St Peter's Expands...
The Marks & Spencer Update
November 1998 bulletin
Work beginning on the extension to the Marks &
Spencer store in Nottingham. The photograph shows St Peter's Church Walk. The east wall
of the chancel is to the right of the picture.
This time last year I wrote in the magazine that work had at last begun on the Marks
and Spencer store development scheme which would produce for St Peters a new Centre.
We can now see it taking final shape and hopefully soon after you have read this we shall
be occupying it! The Centre is due to be handed over to us on November 2nd. At the moment
this looks like an impossibility because there is still a great deal of work to be done.
However Tarmac assure me that it will be very close to that date if not actually on it,
though there may be some minor works still to be completed around the site. So in faith we
plan to move the offices from 1-2, St Peters Church Walk into the new St
Peters Centre on Tuesday 17th November. Come and visit us there - you will not have
as many steps to climb!
The Coffee Room will continue in the St James Room until we re-open after
Christmas. Then it will occupy the ground floor of the new Centre. The new steps are also
taking shape at the moment behind the hoarding and should be completed at the same time,
giving a fine new access to the church and bringing St Peters back into relationship
with the Square below. The mediaeval South Door has been re-opened and an internal porch
created to match the North Door porch. The new door will give easy access from the church
to the Centre. All of this is very exciting for St Peters and opens a new door into
the future for us. Bishop Patrick has agreed to come and open the new Centre on the
evening of Tuesday 19th January. Please make a note of this date in your diary now so that
we can all together celebrate and give thanks for all that we have gained, and for the
opportunities that it gives us for extending our ministry as well as our facilities.
Leslie Morley
The following article was written by the rector back in October 1994.

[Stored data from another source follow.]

lemma circ_comb_in_OV:
  "\<forall>(u, v, k)\<in>set L. even_monomial u \<and> even_monomial v \<Longrightarrow> vec_of (circ_comb L) \<in> OV"
proof (induction L)
  case Nil
  have "vec_of (circ_comb []) = 0"
    by (simp add: circ_comb_def)
  with OV.zero show ?case
    by (simp only:)
next
  case (Cons t L)
  obtain u v k where t: "t = (u, v, k)"
    by (cases t)
  let ?c = "of_int k * of_int (zhu_den [(u, 1)])"
  have "vec_of (circ_comb L) + smul ?c (zcirc (mono (mset u)) (mono (mset v))) \<in> OV"
    using Cons by (intro OV.step) (auto simp: t mono_in_M1plus homogeneous_def)
  moreover have "vec_of (circ_comb (t # L))
      = vec_of (circ_comb L) + smul ?c (zcirc (mono (mset u)) (mono (mset v)))"
    using zhu_den_neq_0[of "[(u, 1)]"]
    by (simp add: t circ_comb_def vec_of_append vec_of_scale_rep zcirc_mono_mono smul_smul
        add.commute)
  ultimately show ?case
    by (simp only:)
qed

section \<open>Evaluation of expressions in vac, omega and J\<close>

datatype vexpr =
  EVac | EOmega | EJ | EAdd vexpr vexpr | EDiff vexpr vexpr | EScale rat vexpr | EStar vexpr vexpr

primrec vexpr_vec :: "vexpr \<Rightarrow> vec" where
  "vexpr_vec EVac = vac"
| "vexpr_vec EOmega = omega"
| "vexpr_vec EJ = Jvec"
| "vexpr_vec (EAdd a b) = vexpr_vec a + vexpr_vec b"
| "vexpr_vec (EDiff a b) = vexpr_vec a - vexpr_vec b"
| "vexpr_vec (EScale r a) = smul (of_rat r) (vexpr_vec a)"
| "vexpr_vec (EStar a b) = zstar (vexpr_vec a) (vexpr_vec b)"

primrec vexpr_rep :: "vexpr \<Rightarrow> int \<times> rep" where
  "vexpr_rep EVac = (1, [([], 1)])"
| "vexpr_rep EOmega = (2, [([1, 1], 1)])"
| "vexpr_rep EJ = (2, [([1, 1, 1, 1], 2), ([1, 3], -4), ([2, 2], 3)])"
| "vexpr_rep (EAdd a b) = (case (vexpr_rep a, vexpr_rep b) of ((Da, xs), (Db, ys)) \<Rightarrow>
     (Da * Db, scale_rep Db xs @ scale_rep Da ys))"
| "vexpr_rep (EDiff a b) = (case (vexpr_rep a, vexpr_rep b) of ((Da, xs), (Db, ys)) \<Rightarrow>
     (Da * Db, scale_rep Db xs @ scale_rep (- Da) ys))"
| "vexpr_rep (EScale r a) = (case (quotient_of r, vexpr_rep a) of ((p, q), (Da, xs)) \<Rightarrow>
     (q * Da, scale_rep p xs))"
| "vexpr_rep (EStar a b) = (case (vexpr_rep a, vexpr_rep b) of ((Da, xs), (Db, ys)) \<Rightarrow>
     (Da * Db * zhu_den xs, zhu_rep 1 xs ys))"
(* E belongs to the class C(J,{c_k},{n_k},{a_k}) (sequences indexed from 1) *)
definition cantor_like_class ::
  "'a::euclidean_space set \<Rightarrow> (nat \<Rightarrow> real) \<Rightarrow> (nat \<Rightarrow> nat) \<Rightarrow> (nat \<Rightarrow> real) \<Rightarrow> 'a set set" where
  "cantor_like_class J c nk a =
    {E. \<exists>JS :: nat list \<Rightarrow> 'a set.
        JS [] = J \<and>
        (\<forall>k\<ge>1. \<forall>\<sigma>\<in>words nk (k - 1).
           (\<forall>j\<in>{1..nk k}.
              JS (\<sigma> @ [j]) \<subseteq> JS \<sigma> \<and>
              geom_similar (JS \<sigma>) (JS (\<sigma> @ [j])) \<and>
              c k * (1 - a k) \<le> diameter (JS (\<sigma> @ [j])) / diameter (JS \<sigma>) \<and>
              diameter (JS (\<sigma> @ [j])) / diameter (JS \<sigma>) \<le> c k * (1 + a k)) \<and>
           (\<forall>j\<in>{1..nk k}. \<forall>j'\<in>{1..nk k}. j \<noteq> j' \<longrightarrow>
              interior (JS (\<sigma> @ [j])) \<inter> interior (JS (\<sigma> @ [j'])) = {})) \<and>
        E = (\<Inter>k\<in>{1..}. \<Union>\<sigma>\<in>words nk k. JS \<sigma>)}"

definition covering_number :: "real \<Rightarrow> 'a::metric_space set \<Rightarrow> nat" where
  "covering_number r A =
     (LEAST m. \<exists>C. finite C \<and> card C = m \<and> A \<subseteq> (\<Union>x\<in>C. cball x r))"

definition lower_spectrum :: "real \<Rightarrow> 'a::metric_space set \<Rightarrow> ereal" where
  "lower_spectrum \<theta> F = Sup (ereal ` {s. s \<ge> 0 \<and>
     (\<exists>b>0. \<exists>C>0. \<forall>R. 0 < R \<and> R < b \<longrightarrow> (\<forall>x\<in>F.
        real (covering_number (R powr (1/\<theta>)) (cball x R \<inter> F))
          \<ge> C * (R / R powr (1/\<theta>)) powr s))})"

definition delta :: "(nat \<Rightarrow> real) \<Rightarrow> nat \<Rightarrow> real" where
  "delta c k = (\<Prod>i\<in>{1..k}. c i)"

definition l_index :: "(nat \<Rightarrow> real) \<Rightarrow> real \<Rightarrow> nat \<Rightarrow> nat" where
  "l_index c \<theta> k = (GREATEST l. l \<ge> 1 \<and> delta c l \<ge> delta c k powr (1/\<theta>))"

end
(* Let $n \ge 3$ be an integer and let $I$ be a degree-based topological index with coefficients $c_{12},c_{13},c_{22},c_{23},c_{33}$. Define $c'_{12} = c_{12}-4c_{22}+3c_{23}$, $c'_{13} = c_{13}-3c_{22}+2c_{23}$, $c'_{33} = c_{22}-2c_{23}+c_{33}$. If $c'_{13}>c'_{12}>-c'_{33}>0$, then the path $P_n$ on $n$ vertices is, up to isomorphism, the only tree in $\mathcal{G}_3(n,n-1)$ that minimizes $I$.
   Context: For integers $n,m$, $\mathcal{G}_3(n,m)$ denotes the set of simple connected undirected graphs (chemical graphs) with $n$ vertices, $m$ edges and maximum degree at most $3$; in particular $\mathcal{G}_3(n,n-1)$ is the set of trees of order $n$ with maximum degree at most $3$. For a graph $G$ and $1\le i\le j$, an $ij$-edge is an edge whose endpoints have degrees $i$ and $j$, and $m_{ij}$ denotes the number of $ij$-edges of $G$. A degree-based topological index $I$ is a function on chemical graphs of order $n\ge 3$ of the form $I(G)=c_{12}m_{12}+c_{13}m_{13}+c_{22}m_{22}+c_{23}m_{23}+c_{33}m_{33}$, where the $c_{ij}$ are fixed real numbers. *)

theory Defs
  imports Complex_Main
begin

definition simple_graph :: "'a set \<Rightarrow> 'a set set \<Rightarrow> bool" where
  "simple_graph V E \<longleftrightarrow> finite V \<and>
     (\<forall>e\<in>E. \<exists>u v. e = {u, v} \<and> u \<noteq> v \<and> u \<in> V \<and> v \<in> V)"

definition adj_rel :: "'a set set \<Rightarrow> ('a \<times> 'a) set" where
  "adj_rel E = {(u, v). {u, v} \<in> E}"

definition graph_connected :: "'a set \<Rightarrow> 'a set set \<Rightarrow> bool" where
  "graph_connected V E \<longleftrightarrow> (\<forall>u\<in>V. \<forall>v\<in>V. (u, v) \<in> (adj_rel E)\<^sup>*)"

definition vdeg :: "'a set set \<Rightarrow> 'a \<Rightarrow> nat" where
  "vdeg E v = card {e \<in> E. v \<in> e}"

text \<open>The class G_3(n,m): connected simple graphs with n vertices, m edges, max degree at most 3.\<close>
definition chem_graph :: "nat \<Rightarrow> nat \<Rightarrow> 'a set \<Rightarrow> 'a set set \<Rightarrow> bool" where
  "chem_graph n m V E \<longleftrightarrow> simple_graph V E \<and> graph_connected V E \<and>
     card V = n \<and> card E = m \<and> (\<forall>v\<in>V. vdeg E v \<le> 3)"

definition m_edges :: "'a set set \<Rightarrow> nat \<Rightarrow> nat \<Rightarrow> nat" where
  "m_edges E i j = card {e \<in> E. \<exists>u v. e = {u, v} \<and> u \<noteq> v \<and> vdeg E u = i \<and> vdeg E v = j}"

definition deg_index :: "real \<Rightarrow> real \<Rightarrow> real \<Rightarrow> real \<Rightarrow> real \<Rightarrow> 'a set set \<Rightarrow> real" where
  "deg_index c12 c13 c22 c23 c33 E =
     c12 * m_edges E 1 2 + c13 * m_edges E 1 3 + c22 * m_edges E 2 2
     + c23 * m_edges E 2 3 + c33 * m_edges E 3 3"

definition path_V :: "nat \<Rightarrow> nat set" where
  "path_V n = {0..<n}"

definition path_E :: "nat \<Rightarrow> nat set set" where
  "path_E n = {{i, Suc i} | i. Suc i < n}"

definition graph_iso :: "'a set \<Rightarrow> 'a set set \<Rightarrow> 'b set \<Rightarrow> 'b set set \<Rightarrow> bool" where
  "graph_iso V1 E1 V2 E2 \<longleftrightarrow> (\<exists>f. bij_betw f V1 V2 \<and>
     (\<forall>u\<in>V1. \<forall>v\<in>V1. {u, v} \<in> E1 \<longleftrightarrow> {f u, f v} \<in> E2))"

end

(*
  Write n\<^sub>i for the number of vertices of degree i. Counting the ends of edges by the
  degree of their endpoint gives, for every chemical tree of order n \<ge> 3 (where no edge
  joins two leaves),
    m12 + m13 = n1,  m12 + 2 m22 + m23 = 2 n2,  m13 + m23 + 2 m33 = 3 n3,
  and together with \<Sum> m_ij = n - 1 and n1 + n2 + n3 = n one can eliminate m12, m22, m23:
    I(G) = 2 c12 + (n - 3) c22 + c'12 n3 + (c'13 - c'12) m13 + c'33 m33.
  The vertices of degree 3 span a forest, so m33 \<le> n3 - 1 as soon as n3 > 0, and then the
  hypotheses make the last three terms positive. Hence I(G) > 2 c12 + (n - 3) c22 unless
  n3 = 0, i.e. unless G is a tree of maximum degree 2, which is a path.
*)
theory Submission
  imports Defs
begin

A Visitors' Centre for St Peters?
Work on the new extension seen from the Church roof,
looking east.
At last I can write with further news of the development which Marks and Spencer are
hoping to make to their Nottingham store. Since March of this year (1994) there has been
nothing concrete to report as M&S worked out the details of what has proved to be a
complex development project. However an agreed scheme, in which we have been fully
consulted and the needs of the church generously responded to, has recently received the
approval of their main board.
Originally M&S had sought to purchase part of the present churchyard. In return, as
it were, we would acquire a purposebuilt Visitor's Centre which would include a new
Coffee Room, reception area, small meeting room and offices. However M&S now wish to
extend their building over the piazza area only and not to encroach on the church land at
all. The present churchyard boundary would remain where it is. This is a very welcome
aspect of the new proposal. The piazza area is of course something of a wilderness and
very vulnerable to vandalism. If it were developed it would improve the security of the
church on the south side and allow for better management of the church garden itself, to
the benefit of all.
A Visitors' Centre for the church would be built as part of the development at the
South end of the present piazza above the current main entrance to the store. The
proposals also include the placing of steps from St Peters Square to the West
entrance to the church. This would greatly improve access to the church and the Visitors'
Centre. The South door of the church, at present blocked up inside the church, would be
reopened to give easy access from the church itself to the new Centre.
Marks and Spencer are preparing plans and drawings of the proposed scheme so that it
can be presented to various bodies for approval. At its September meeting the PCC were
shown draft outlines of the proposal, to which they gave their very positive support. As
soon as completed drawings are available there will be a presentation to the whole
congregation. It is hoped that, if the scheme gains the necessary approval, building might
commence in the latter half of 1995 and be completed by the Autumn of 1996.
In the battle between city centre shopping and the out of town precincts the desire of
M&S to develop their Nottingham store is an important victory for the city. It is also
an important opportunity for St Peters to establish new facilities which could
provide the basis for our ministry for the next twenty-five years and more. The plan is
one to which I hope the whole congregation will be able to give their strong backing. If
it is successful in gaining approval of the appropriate authorities we shall need to work
together to make full use of this opportunity which I believe is God given. The
improvement it would bring to our facilities must be capitalised on to draw more people
from the city and further afield to St Peters and we must be ready to help them; to
help them pastorally and spiritually with appropriate care and resources, to help them
understand the building, its history, what it represents and the worship that continues to
be at its heart day by day. We shall need to look at a new Coffee Room and how to develop
it, at interpretive material for visitors, explaining ourselves and encouraging
exploration, at our pastoral resources and how to provide better for those seeking help.
This is a big task. It involves all of us and challenges all of us. Do we have a big
enough vision? Are we willing to be involved ourselves and respond to the opportunity God
is offering us at St Peters? Are we prepared to offer time and energy, skills and
support, to make the vision a reality? To my mind prayer has been part of this development
all along, as it has faced obstacles and setbacks and yet moved forward. Please continue
to pray for the plans and discussion still to come and for how we can help to create this
new stage of St Peters long ministry to the city and all its people.